(Collected data)
########################################
lemma deficiency_klein_map_swap:
  assumes "klein_map V a p q r" "finite V"
  shows "deficiency V (a, q, p) = deficiency V (a, p, q)" "deficiency V (a, p, r) = deficiency V (a, p, q)"
proof -
  have "cob_space V a q p = cob_space V a q r" "cob_space V a p r = cob_space V a p q"
    "cob_space V a r q = cob_space V a r p"
    using cob_space_klein_map_swap klein_map_permute assms(1) by metis+
  then show "deficiency V (a, q, p) = deficiency V (a, p, q)" "deficiency V (a, p, r) = deficiency V (a, p, q)"
    using deficiency_klein_map[OF assms] deficiency_klein_map[OF klein_map_permute(1)[OF assms(1)] assms(2)]
      deficiency_klein_map[OF klein_map_permute(2)[OF assms(1)] assms(2)] squares_klein_map_swap[OF assms(1)]
    by (simp_all add: Int_ac)
qed

theorem lemma2p4:
  fixes V :: "'v set" and a v f :: "'v \<Rightarrow> 'v"
  assumes "is_map V a v f"
    and "X \<in> Gamma a v f" and "Y \<in> Gamma a v f"
  shows "deficiency V X = deficiency V Y"
proof -
  let ?z = "v \<circ> f"
  have fin: "finite V"
    using assms(1) by (simp add: is_map_def)
  have k: "klein_map V a v f ?z"
    using assms(1) by (rule klein_map_of_is_map)
  note swap = deficiency_klein_map_swap[OF _ fin]
  have "deficiency V (a, f, v) = deficiency V (a, v, f)" "deficiency V (a, v, ?z) = deficiency V (a, v, f)"
    by (rule swap[OF k])+
  moreover have "deficiency V (a, f, ?z) = deficiency V (a, f, v)"
    by (rule swap(2)[OF klein_map_permute(1)[OF k]])
  moreover have "deficiency V (a, ?z, f) = deficiency V (a, f, ?z)"
    by (rule swap(1)[OF klein_map_permute(4)[OF k]])
  moreover have "deficiency V (a, ?z, v) = deficiency V (a, ?z, f)"
    by (rule swap(2)[OF klein_map_permute(3)[OF k]])
  ultimately have "deficiency V W = deficiency V (a, v, f)" if "W \<in> Gamma a v f" for W
    using that unfolding Gamma_def Let_def by auto
  then show ?thesis
    using assms(2,3) by metis
qed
########################################
* EXERCISE PROMPT
When a line among the entries above contains "finite", copy it.

* EXERCISE SOLUTION
  assumes "klein_map V a p q r" "finite V"
  have fin: "finite V"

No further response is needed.